Differences Between Maths and Statistics

  • Mathematics is a pure science whereas Statistics is an applied science.
  • Maths encompasses statistics within it. Thus, it has a wider scope and applicability in science and research. In contrast, statistics is practised more in social and behavioural sciences.
  • While maths seeks patterns and their connections, statistics deal with amassing, analysing, and presenting data.
  • Maths deals with metaphysical data whereas statistics depends upon the context of physical data.
  • Maths gives precise and accurate results. Statistics provide estimated predictions. For instance, examining the quality of life in a city will give an approximate answer in statistics. However, measuring the area of a square room through maths will provide a specific answer.
  • Mathematical science is deductive in nature. It follows a top-down approach to reach conclusions through established facts. Statistics make use of available data from a specific sample to derive inferences. Thus, it utilizes inductive reasoning.
  • Pure maths involves complex systems and is considered much more rigorous than Statistics.
  • Maths is rigid with a pre-determined structure with no room for change. Statistics is indefinite in its functions as it deals with real-life dynamic data. Thus, it is prone to manipulations. Statisticians need to modify their variables and measurement tools, according to each problem. For instance, The “best fit” function makes one variable preferable over the other.
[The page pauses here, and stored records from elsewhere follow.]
text \<open>The state (k11, k21, k22, k31, k32, k33) after reading a word is the exponent tuple of its
  normal form in Ch_3; the transitions are read off by appending a letter to a normal form.\<close>
fun read3 :: "exps3 \<Rightarrow> nat \<Rightarrow> exps3" where
  "read3 (a, b, c, d, e, f) x =
    (if x = 3 then (a, b, c, d, e, f + 1)
     else if 0 < f then (if x = 1 then (a, b, c, d + 1, e, f - 1) else (a, b, c, d, e + 1, f - 1))
     else if x = 2 then (a, b, c + 1, d, e, f)
     else if 0 < e then (a, b, c + 1, d + 1, e - 1, f)
     else if 0 < c then (a, b + 1, c - 1, d, e, f)
     else (a + 1, b, c, d, e, f))"

definition run3 :: "exps3 \<Rightarrow> nat list \<Rightarrow> exps3" where
  "run3 z w = foldl read3 z w"

lemma run3_append: "run3 z (u @ v) = run3 (run3 z u) v"
  by (simp add: run3_def)

lemma run3_ch_rel: "ch_rel 3 u v \<Longrightarrow> run3 z u = run3 z v"
proof -
  assume "ch_rel 3 u v"
  then obtain i j k where ijk: "1 \<le> i" "i \<le> j" "j \<le> k" "k \<le> 3"
    and uv: "(u = [j, k, i] \<and> v = [k, j, i]) \<or> (u = [k, j, i] \<and> v = [k, i, j])"
    unfolding ch_rel_def by blast
  obtain a b c d e f where z: "z = (a, b, c, d, e, f)" by (cases z) auto
  have "(i = 1 \<or> i = 2 \<or> i = 3) \<and> (j = 1 \<or> j = 2 \<or> j = 3) \<and> (k = 1 \<or> k = 2 \<or> k = 3)"
    using ijk by auto
  then show ?thesis using ijk uv unfolding z run3_def
    by (elim conjE disjE) (auto split: if_splits)
qed

lemma run3_ch_eq: "ch_eq 3 s t \<Longrightarrow> run3 z s = run3 z t"
  unfolding ch_eq_def
proof (induction arbitrary: z rule: rtranclp_induct)
  case (step t u)
  obtain x y p q where "ch_rel 3 p q \<or> ch_rel 3 q p" "t = x @ p @ y" "u = x @ q @ y"
    using step(2) unfolding ch_step_def by blast
  then have "run3 z t = run3 z u"
    using run3_ch_rel[of p q "run3 z x"] run3_ch_rel[of q p "run3 z x"] by (auto simp: run3_append)
  then show ?case using step by simp
qed simp

lemma chword_3: "chword 3 k = replicate (k (1, 1)) 1 @ word_pow (k (2, 1)) [2, 1] @ replicate (k (2, 2)) 2 @
    word_pow (k (3, 1)) [3, 1] @ word_pow (k (3, 2)) [3, 2] @ replicate (k (3, 3)) 3"
  by (simp add: chword_def word_pow_def eval_nat_numeral upt_rec)

lemma run3_chword: "run3 (0, 0, 0, 0, 0, 0) (chword 3 k) = (k (1, 1), k (2, 1), k (2, 2), k (3, 1), k (3, 2), k (3, 3))"
proof -
  have "run3 (a, b, 0, d, 0, 0) (replicate n 1) = (a + n, b, 0, d, 0, 0)" for a b d n
    by (induction n arbitrary: a) (auto simp: run3_def)
  moreover have "run3 (a, b, 0, 0, 0, 0) (word_pow n [2, 1]) = (a, b + n, 0, 0, 0, 0)" for a b n
    by (induction n arbitrary: b) (auto simp: run3_def word_pow_Suc)
  moreover have "run3 (a, b, c, 0, 0, 0) (replicate n 2) = (a, b, c + n, 0, 0, 0)" for a b c n
    by (induction n arbitrary: c) (auto simp: run3_def)
  moreover have "run3 (a, b, c, d, 0, 0) (word_pow n [3, 1]) = (a, b, c, d + n, 0, 0)" for a b c d n
    by (induction n arbitrary: d) (auto simp: run3_def word_pow_Suc)
  moreover have "run3 (a, b, c, d, e, 0) (word_pow n [3, 2]) = (a, b, c, d, e + n, 0)" for a b c d e n
    by (induction n arbitrary: e) (auto simp: run3_def word_pow_Suc)
  moreover have "run3 (a, b, c, d, e, f) (replicate n 3) = (a, b, c, d, e, f + n)" for a b c d e f n
    by (induction n arbitrary: f) (auto simp: run3_def)
  ultimately show ?thesis unfolding chword_3 run3_append by simp
qed

lemma chword_unique_3:
  assumes "ch_eq 3 (chword 3 k) (chword 3 k')" shows "\<forall>q\<in>tri 3. k q = k' q"
proof
  fix q assume "q \<in> tri 3"
  then have "q \<in> {(1, 1), (2, 1), (2, 2), (3, 1), (3, 2), (3, 3)}"
    by (auto simp: tri_def)
  moreover have "run3 (0, 0, 0, 0, 0, 0) (chword 3 k) = run3 (0, 0, 0, 0, 0, 0) (chword 3 k')"
    by (rule run3_ch_eq[OF assms])
  ultimately show "k q = k' q" unfolding run3_chword by auto
qed

lemma collapse_exps_inj:
  fixes x y :: "nat \<times> nat \<Rightarrow> 'a::comm_semiring_1_cancel"
  assumes m: "3 \<le> m"
    and eq: "\<And>l q. l \<in> {1, 2, m} \<Longrightarrow> q \<in> tri m \<Longrightarrow> collapse_exps l x q = collapse_exps l y q"
  shows "\<forall>q\<in>tri (Suc m). x q = y q"
proof -
  have eq': "collapse_exps l x (j, i) = collapse_exps l y (j, i)"
    if "l \<in> {1, 2, m}" "1 \<le> i" "i \<le> j" "j \<le> m" for l j i
    using eq[of l "(j, i)"] that by (auto simp: tri_def)
  have rows_low: "x (j, i) = y (j, i)" if "j < m" "1 \<le> i" "i \<le> j" for j i
    using that eq'[of m i j] by (simp add: collapse_exps_def)
  have cols_high: "x (Suc j, Suc i) = y (Suc j, Suc i)" if "2 \<le> i" "i \<le> j" "j \<le> m" for j i
    using that eq'[of 1 i j] by (simp add: collapse_exps_def)
  have col_1: "x (Suc j, 1) = y (Suc j, 1)" if "2 \<le> j" "j \<le> m" for j
  proof (cases "j = 2")
    case True
    then show ?thesis
      using m eq'[of 2 1 2] rows_low[of 2 1] by (simp add: collapse_exps_def)
  next
    case False
    then show ?thesis using that eq'[of 2 1 j] by (simp add: collapse_exps_def)
  qed
  have col_2: "x (Suc j, 2) = y (Suc j, 2)" if "2 \<le> j" "j \<le> m" for j
    using that col_1[OF that] eq'[of 1 1 j] by (simp add: collapse_exps_def numeral_2_eq_2)
  show ?thesis
  proof
    fix q assume "q \<in> tri (Suc m)"
    then obtain j i where q: "q = (j, i)" "1 \<le> i" "i \<le> j" "j \<le> Suc m" by (auto simp: tri_def)
    show "x q = y q"
    proof (cases "j < m")
      case True
      then show ?thesis using rows_low q by simp
    next
      case False
      then obtain j' where j': "j = Suc j'" "2 \<le> j'" "j' \<le> m" using q m by (cases j) auto
      consider "i = 1" | "i = 2" | "3 \<le> i" using q(2) by linarith
      then show ?thesis
      proof cases
        case 3
        then show ?thesis using cols_high[of "i - 1" j'] j' q by simp
      qed (use col_1 col_2 j' q in auto)
    qed
  qed
qed

lemma chword_unique:
  "3 \<le> m \<Longrightarrow> ch_eq m (chword m k) (chword m k') \<Longrightarrow> \<forall>q\<in>tri m. k q = k' q"
proof (induction m arbitrary: k k' rule: nat_induct_at_least)
  case base
  then show ?case by (rule chword_unique_3)
next
  case (Suc m)
  show ?case
  proof (rule collapse_exps_inj[OF Suc.hyps(1)])
    fix l q assume l: "l \<in> {1, 2, m}" and q: "q \<in> tri m"
    then have l_range: "1 \<le> l" "l \<le> m" using Suc.hyps(1) by auto
    have "ch_eq m (chword m (collapse_exps l k)) (chword m (collapse_exps l k'))"
      using ch_eq_map_collapse[OF l_range Suc.prems] ch_eq_collapse_chword[OF l_range]
      by (meson ch_eq_sym ch_eq_trans)
    then show "collapse_exps l k q = collapse_exps l k' q" using Suc.IH q by blast
  qed
qed

lemma ch_eq_iff_collapses:
  assumes n: "3 \<le> n" and u: "u \<in> words (Suc n)" and v: "v \<in> words (Suc n)"
  shows "ch_eq (Suc n) u v \<longleftrightarrow> (\<forall>l\<in>{1, 2, n}. ch_eq n (map (collapse l) u) (map (collapse l) v))"
proof
  assume "ch_eq (Suc n) u v"
  then show "\<forall>l\<in>{1, 2, n}. ch_eq n (map (collapse l) u) (map (collapse l) v)"
    using ch_eq_map_collapse n by auto
next
  assume collapses: "\<forall>l\<in>{1, 2, n}. ch_eq n (map (collapse l) u) (map (collapse l) v)"
  obtain k k' where k: "ch_eq (Suc n) u (chword (Suc n) k)" and k': "ch_eq (Suc n) v (chword (Suc n) k')"
    using ch_eq_chword_exists u v by meson
  have "\<forall>q\<in>tri (Suc n). k q = k' q"
  proof (rule collapse_exps_inj[OF n])
    fix l q assume l: "l \<in> {1, 2, n}" and q: "q \<in> tri n"
    then have l_range: "1 \<le> l" "l \<le> n" using n by auto
    have "ch_eq n (chword n (collapse_exps l k)) (chword n (collapse_exps l k'))"
      using ch_eq_map_collapse[OF l_range k] ch_eq_map_collapse[OF l_range k'] collapses l
        ch_eq_collapse_chword[OF l_range] by (meson ch_eq_sym ch_eq_trans)
    then show "collapse_exps l k q = collapse_exps l k' q"
      using chword_unique n q by blast
  qed
  then have "chword (Suc n) k = chword (Suc n) k'"
    by (intro chword_cong) blast
  then show "ch_eq (Suc n) u v" using k k' by (metis ch_eq_sym ch_eq_trans)
qed

lemma meval_map: "meval (\<lambda>j. g (f j)) w = meval g (map f w)"
  by (induction w) (simp_all add: meval_def)

lemma meval_gen_shift: "meval (gen_shift g l) w = meval g (map (collapse l) w)"
proof -
  have "gen_shift g l = (\<lambda>j. g (collapse l j))"
    by (auto simp: gen_shift_def collapse_def)
  then show ?thesis by (simp add: meval_map)
qed

lemma meval_gen_shift_eq_iff:
  assumes "faithful_map m (meval g)" "1 \<le> l" "l \<le> m" "u \<in> words (Suc m)" "v \<in> words (Suc m)"
  shows "meval (gen_shift g l) u = meval (gen_shift g l) v
    \<longleftrightarrow> ch_eq m (map (collapse l) u) (map (collapse l) v)"
  using assms(1) map_collapse_words[OF assms(2,3,4)] map_collapse_words[OF assms(2,3,5)]
  unfolding faithful_map_def meval_gen_shift by blast

lemma meval_gen_shift_chword:
  assumes "faithful_map m (meval g)" "1 \<le> l" "l \<le> m"
  shows "meval (gen_shift g l) (chword (Suc m) k) = meval g (chword m (collapse_exps l k))"
  using assms(1) ch_eq_collapse_chword[OF assms(2,3)] map_collapse_words[OF assms(2,3) chword_words]
    chword_words
  unfolding faithful_map_def meval_gen_shift by blast

lemma collapse_exps_of_nat: "collapse_exps l (\<lambda>q. of_nat (k q)) q = of_nat (collapse_exps l k q)"
  by (cases q) (simp add: collapse_exps_def)

lemma finite_tri: "finite (tri m)"
  by (rule finite_subset[of _ "{0..m} \<times> {0..m}"]) (auto simp: tri_def)

lemma collapse_exps_linear:
  fixes x :: "nat \<times> nat \<Rightarrow> 'a::comm_semiring_1"
  assumes "1 \<le> l" "l \<le> m" "q \<in> tri m"
  shows "collapse_exps l x q = (\<Sum>q'\<in>tri (Suc m). collapse_exps l (\<lambda>r. if r = q' then 1 else 0) q * x q')"
proof -
  have coord: "(\<Sum>q'\<in>tri (Suc m). (if p = q' then 1 else 0) * x q') = x p" if "p \<in> tri (Suc m)" for p
    using that finite_tri by (simp add: if_distrib if_distribR sum.delta cong: if_cong)
  have mem_tri: "(j, i) \<in> tri m' \<longleftrightarrow> 1 \<le> i \<and> i \<le> j \<and> j \<le> m'" for j i m'
    by (simp add: tri_def)
  obtain j i where "q = (j, i)" "1 \<le> i" "i \<le> j" "j \<le> m"
    using assms(3) by (auto simp: tri_def)
  then show ?thesis using assms(1,2)
    by (auto simp: collapse_exps_def distrib_right sum.distrib mult.assoc sum_distrib_left[symmetric]
        coord mem_tri)
qed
  • Conclusions are absolute in Maths. Statistical predictions are uncertain and vary with context. For example, a p-value below 0.5 is considered statistically significant. However, considering 0.51 insignificant depends on the judgement of the statistician and context, rather than rule of law.
  • Extraneous and confounding variables can disrupt statistical conclusions. Such errors are already resolved in mathematical formulas and don’t affect results. For example, gender bias can affect a statistical study of privilege among people.

  Maths and Statistics differ in their functions of measurement, context, and variability. Despite their differences, these interrelated subjects are extremely crucial in the modern world. While Maths is essential in academic structure, Statistics is highly relevant in daily life and employment opportunities. Especially with the rise of a data-driven lifestyle. As the world edges towards technology and digitisation, both the subjects proffer promising careers. Quit debating maths vs statistics, as there are no winners or losers.  Both of them are equally significant in their own manner.